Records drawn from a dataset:
——
(* Let $J\in\mathbb{N}_0$ and let $(a_j)_{j>J}$ be complex numbers with $\sum_{j>J}|a_j|<\infty$ and $|a_j|\ge|a_{j+1}|>0$ for all integers $j>J$. Suppose there is a convex function $\varphi\colon\,]J,\infty[\,\to\mathbb{R}$ with $\varphi(j)=j/|a_j|$ for every integer $j>J$. Then the functions $$f(t)=\sum_{j>J}a_j\exp(i t j/|a_j|),\qquad \operatorname{Re}f(t),\qquad \operatorname{Im}f(t)$$ are continuous on $\mathbb{R}$ but differentiable at no point of $\mathbb{R}$.
   Context: Sums over $j>J$ range over integers $j>J$. *)

theory Defs
  imports "HOL-Analysis.Analysis"
begin

definition nd_series :: "nat \<Rightarrow> (nat \<Rightarrow> complex) \<Rightarrow> real \<Rightarrow> complex" where
  "nd_series J a t = (\<Sum>\<^sub>\<infinity> j\<in>{J<..}. a j * exp (\<i> * complex_of_real (t * real j / norm (a j))))"

end

theory Submission
  imports Defs
begin

text \<open>
  Suppose \<open>f\<close> had a derivative \<open>D\<close> at \<open>t\<^sub>0\<close>, and write \<open>\<lambda>\<^sub>j = j / \<bar>a\<^sub>j\<bar>\<close>. For a small scale \<open>n\<close>, the
  function \<open>u h = f (t\<^sub>0 + h) * cis (- \<lambda>\<^sub>n h)\<close> is a trigonometric series whose \<open>n\<close>-th frequency is \<open>0\<close>.
  The operator \<open>u \<mapsto> u (\<cdot> + s) + u\<close> multiplies frequency \<open>\<nu>\<close> by \<open>cis (\<nu> s) + 1\<close>, so finitely many such
  shifts annihilate the frequencies of the early terms with large coefficients and all conjugate early
  frequencies, and a doubled shift annihilates the modulated Taylor polynomial \<open>(f t\<^sub>0 + h D) * cis (- \<lambda>\<^sub>n h)\<close>.
  Averaging twice over a window of length \<open>T = 24 \<bar>a\<^sub>n\<bar>\<close> damps frequency \<open>\<nu>\<close> by a factor at most \<open>4 / (\<nu> T)\<^sup>2\<close>,
  and monotonicity of \<open>\<bar>a\<^sub>j\<bar>\<close> gives \<open>\<bar>\<lambda>\<^sub>j - \<lambda>\<^sub>n\<bar> \<ge> \<bar>j - n\<bar> / \<bar>a\<^sub>n\<bar>\<close>; so the result at \<open>0\<close> is dominated
  by the \<open>n\<close>-th term and has size about \<open>2\<^sup>k \<bar>a\<^sub>n\<bar>\<close> for \<open>k\<close> shifts. On the other hand the operator only
  sees the remainder \<open>f (t\<^sub>0 + h) - f t\<^sub>0 - h D = o(h)\<close> on a window of length \<open>O(\<bar>a\<^sub>n\<bar>)\<close>, which gives
  \<open>o(2\<^sup>k \<bar>a\<^sub>n\<bar>)\<close>. Real and imaginary parts are series of the same shape.
\<close>

section \<open>Absolutely convergent exponential series\<close>

definition exp_series :: "'i set \<Rightarrow> ('i \<Rightarrow> complex) \<Rightarrow> ('i \<Rightarrow> real) \<Rightarrow> real \<Rightarrow> complex" where
  "exp_series I c \<nu> t = (\<Sum>\<^sub>\<infinity>k\<in>I. c k * cis (\<nu> k * t))"

lemma abs_summable_on_mult_bounded:
  fixes c m :: "'i \<Rightarrow> 'a::real_normed_div_algebra"
  assumes "(\<lambda>k. norm (c k)) summable_on I" and "\<And>k. k \<in> I \<Longrightarrow> norm (m k) \<le> C"
  shows "(\<lambda>k. norm (c k * m k)) summable_on I"
proof (rule summable_on_comparison_test)
  show "(\<lambda>k. C * norm (c k)) summable_on I"
    using assms(1) by (rule summable_on_cmult_right)
  show "norm (c k * m k) \<le> C * norm (c k)" if "k \<in> I" for k
    using assms(2)[OF that] by (simp add: norm_mult mult.commute[of C] mult_left_mono)
qed simp

lemma exp_series_terms_summable:
  assumes "(\<lambda>k. norm (c k)) summable_on I"
  shows "(\<lambda>k. c k * cis (\<nu> k * t)) summable_on I"
  by (rule abs_summable_summable, rule Infinite_Sum.abs_summable_on_comparison_test'[OF assms]) (simp add: norm_mult)

lemma uniform_limit_exp_series:
  assumes "(\<lambda>k. norm (c k)) summable_on I"
  shows "uniform_limit Y (\<lambda>F t. \<Sum>k\<in>F. c k * cis (\<nu> k * t)) (exp_series I c \<nu>) (finite_subsets_at_top I)"
  unfolding exp_series_def
  by (rule Weierstrass_m_test_general[where M = "\<lambda>k. norm (c k)"]) (use assms in \<open>auto simp: norm_mult\<close>)

lemma continuous_on_exp_series:
  assumes "(\<lambda>k. norm (c k)) summable_on I"
  shows "continuous_on UNIV (exp_series I c \<nu>)"
  by (rule uniform_limit_theorem[OF _ uniform_limit_exp_series[OF assms]])
     (auto intro!: always_eventually continuous_intros)

lemma exp_series_translate:
  assumes "(\<lambda>k. norm (c k)) summable_on I"
  shows "exp_series I c \<nu> (t + h) * cis (\<omega> * h) = exp_series I (\<lambda>k. c k * cis (\<nu> k * t)) (\<lambda>k. \<nu> k + \<omega>) h"
proof -
  have "exp_series I c \<nu> (t + h) * cis (\<omega> * h) = (\<Sum>\<^sub>\<infinity>k\<in>I. c k * cis (\<nu> k * (t + h)) * cis (\<omega> * h))"
    unfolding exp_series_def by (rule infsum_cmult_left'[symmetric])
  also have "\<dots> = exp_series I (\<lambda>k. c k * cis (\<nu> k * t)) (\<lambda>k. \<nu> k + \<omega>) h"
    unfolding exp_series_def by (intro infsum_cong) (simp add: cis_mult[symmetric] algebra_simps)
  finally show ?thesis .
qed

lemma summable_on_Plus:
  fixes f :: "'a + 'b \<Rightarrow> 'c::topological_comm_monoid_add"
  assumes "(f \<circ> Inl) summable_on A" and "(f \<circ> Inr) summable_on B"
  shows "f summable_on (A <+> B)"
proof -
  have "f summable_on Inl ` A" "f summable_on Inr ` B"
    using assms by (simp_all add: summable_on_reindex)
  then show ?thesis unfolding Plus_def by (rule summable_on_Un_disjoint) auto
qed

lemma infsum_Plus:
  fixes f :: "'a + 'b \<Rightarrow> 'c::{topological_comm_monoid_add, t2_space}"
  assumes "(f \<circ> Inl) summable_on A" and "(f \<circ> Inr) summable_on B"
  shows "infsum f (A <+> B) = infsum (f \<circ> Inl) A + infsum (f \<circ> Inr) B"
proof -
  have "f summable_on Inl ` A" "f summable_on Inr ` B"
    using assms by (simp_all add: summable_on_reindex)
  then show ?thesis unfolding Plus_def by (subst infsum_Un_disjoint) (auto simp: infsum_reindex)
qed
——
=== Action item ===
Could you return all of the data exactly as written?

=== Output ===
(* Let $J\in\mathbb{N}_0$ and let $(a_j)_{j>J}$ be complex numbers with $\sum_{j>J}|a_j|<\infty$ and $|a_j|\ge|a_{j+1}|>0$ for all integers $j>J$. Suppose there is a convex function $\varphi\colon\,]J,\infty[\,\to\mathbb{R}$ with $\varphi(j)=j/|a_j|$ for every integer $j>J$. Then the functions $$f(t)=\sum_{j>J}a_j\exp(i t j/|a_j|),\qquad \operatorname{Re}f(t),\qquad \operatorname{Im}f(t)$$ are continuous on $\mathbb{R}$ but differentiable at no point of $\mathbb{R}$.
   Context: Sums over $j>J$ range over integers $j>J$. *)

theory Defs
  imports "HOL-Analysis.Analysis"
begin

definition nd_series :: "nat \<Rightarrow> (nat \<Rightarrow> complex) \<Rightarrow> real \<Rightarrow> complex" where
  "nd_series J a t = (\<Sum>\<^sub>\<infinity> j\<in>{J<..}. a j * exp (\<i> * complex_of_real (t * real j / norm (a j))))"

end

theory Submission
  imports Defs
begin

text \<open>
  Suppose \<open>f\<close> had a derivative \<open>D\<close> at \<open>t\<^sub>0\<close>, and write \<open>\<lambda>\<^sub>j = j / \<bar>a\<^sub>j\<bar>\<close>. For a small scale \<open>n\<close>, the
  function \<open>u h = f (t\<^sub>0 + h) * cis (- \<lambda>\<^sub>n h)\<close> is a trigonometric series whose \<open>n\<close>-th frequency is \<open>0\<close>.
  The operator \<open>u \<mapsto> u (\<cdot> + s) + u\<close> multiplies frequency \<open>\<nu>\<close> by \<open>cis (\<nu> s) + 1\<close>, so finitely many such
  shifts annihilate the frequencies of the early terms with large coefficients and all conjugate early
  frequencies, and a doubled shift annihilates the modulated Taylor polynomial \<open>(f t\<^sub>0 + h D) * cis (- \<lambda>\<^sub>n h)\<close>.
  Averaging twice over a window of length \<open>T = 24 \<bar>a\<^sub>n\<bar>\<close> damps frequency \<open>\<nu>\<close> by a factor at most \<open>4 / (\<nu> T)\<^sup>2\<close>,
  and monotonicity of \<open>\<bar>a\<^sub>j\<bar>\<close> gives \<open>\<bar>\<lambda>\<^sub>j - \<lambda>\<^sub>n\<bar> \<ge> \<bar>j - n\<bar> / \<bar>a\<^sub>n\<bar>\<close>; so the result at \<open>0\<close> is dominated
  by the \<open>n\<close>-th term and has size about \<open>2\<^sup>k \<bar>a\<^sub>n\<bar>\<close> for \<open>k\<close> shifts. On the other hand the operator only
  sees the remainder \<open>f (t\<^sub>0 + h) - f t\<^sub>0 - h D = o(h)\<close> on a window of length \<open>O(\<bar>a\<^sub>n\<bar>)\<close>, which gives
  \<open>o(2\<^sup>k \<bar>a\<^sub>n\<bar>)\<close>. Real and imaginary parts are series of the same shape.
\<close>

section \<open>Absolutely convergent exponential series\<close>

definition exp_series :: "'i set \<Rightarrow> ('i \<Rightarrow> complex) \<Rightarrow> ('i \<Rightarrow> real) \<Rightarrow> real \<Rightarrow> complex" where
  "exp_series I c \<nu> t = (\<Sum>\<^sub>\<infinity>k\<in>I. c k * cis (\<nu> k * t))"

lemma abs_summable_on_mult_bounded:
  fixes c m :: "'i \<Rightarrow> 'a::real_normed_div_algebra"
  assumes "(\<lambda>k. norm (c k)) summable_on I" and "\<And>k. k \<in> I \<Longrightarrow> norm (m k) \<le> C"
  shows "(\<lambda>k. norm (c k * m k)) summable_on I"
proof (rule summable_on_comparison_test)
  show "(\<lambda>k. C * norm (c k)) summable_on I"
    using assms(1) by (rule summable_on_cmult_right)
  show "norm (c k * m k) \<le> C * norm (c k)" if "k \<in> I" for k
    using assms(2)[OF that] by (simp add: norm_mult mult.commute[of C] mult_left_mono)
qed simp

lemma exp_series_terms_summable:
  assumes "(\<lambda>k. norm (c k)) summable_on I"
  shows "(\<lambda>k. c k * cis (\<nu> k * t)) summable_on I"
  by (rule abs_summable_summable, rule Infinite_Sum.abs_summable_on_comparison_test'[OF assms]) (simp add: norm_mult)

lemma uniform_limit_exp_series:
  assumes "(\<lambda>k. norm (c k)) summable_on I"
  shows "uniform_limit Y (\<lambda>F t. \<Sum>k\<in>F. c k * cis (\<nu> k * t)) (exp_series I c \<nu>) (finite_subsets_at_top I)"
  unfolding exp_series_def
  by (rule Weierstrass_m_test_general[where M = "\<lambda>k. norm (c k)"]) (use assms in \<open>auto simp: norm_mult\<close>)

lemma continuous_on_exp_series:
  assumes "(\<lambda>k. norm (c k)) summable_on I"
  shows "continuous_on UNIV (exp_series I c \<nu>)"
  by (rule uniform_limit_theorem[OF _ uniform_limit_exp_series[OF assms]])
     (auto intro!: always_eventually continuous_intros)

lemma exp_series_translate:
  assumes "(\<lambda>k. norm (c k)) summable_on I"
  shows "exp_series I c \<nu> (t + h) * cis (\<omega> * h) = exp_series I (\<lambda>k. c k * cis (\<nu> k * t)) (\<lambda>k. \<nu> k + \<omega>) h"
proof -
  have "exp_series I c \<nu> (t + h) * cis (\<omega> * h) = (\<Sum>\<^sub>\<infinity>k\<in>I. c k * cis (\<nu> k * (t + h)) * cis (\<omega> * h))"
    unfolding exp_series_def by (rule infsum_cmult_left'[symmetric])
  also have "\<dots> = exp_series I (\<lambda>k. c k * cis (\<nu> k * t)) (\<lambda>k. \<nu> k + \<omega>) h"
    unfolding exp_series_def by (intro infsum_cong) (simp add: cis_mult[symmetric] algebra_simps)
  finally show ?thesis .
qed

lemma summable_on_Plus:
  fixes f :: "'a + 'b \<Rightarrow> 'c::topological_comm_monoid_add"
  assumes "(f \<circ> Inl) summable_on A" and "(f \<circ> Inr) summable_on B"
  shows "f summable_on (A <+> B)"
proof -
  have "f summable_on Inl ` A" "f summable_on Inr ` B"
    using assms by (simp_all add: summable_on_reindex)
  then show ?thesis unfolding Plus_def by (rule summable_on_Un_disjoint) auto
qed

lemma infsum_Plus:
  fixes f :: "'a + 'b \<Rightarrow> 'c::{topological_comm_monoid_add, t2_space}"
  assumes "(f \<circ> Inl) summable_on A" and "(f \<circ> Inr) summable_on B"
  shows "infsum f (A <+> B) = infsum (f \<circ> Inl) A + infsum (f \<circ> Inr) B"
proof -
  have "f summable_on Inl ` A" "f summable_on Inr ` B"
    using assms by (simp_all add: summable_on_reindex)
  then show ?thesis unfolding Plus_def by (subst infsum_Un_disjoint) (auto simp: infsum_reindex)
qed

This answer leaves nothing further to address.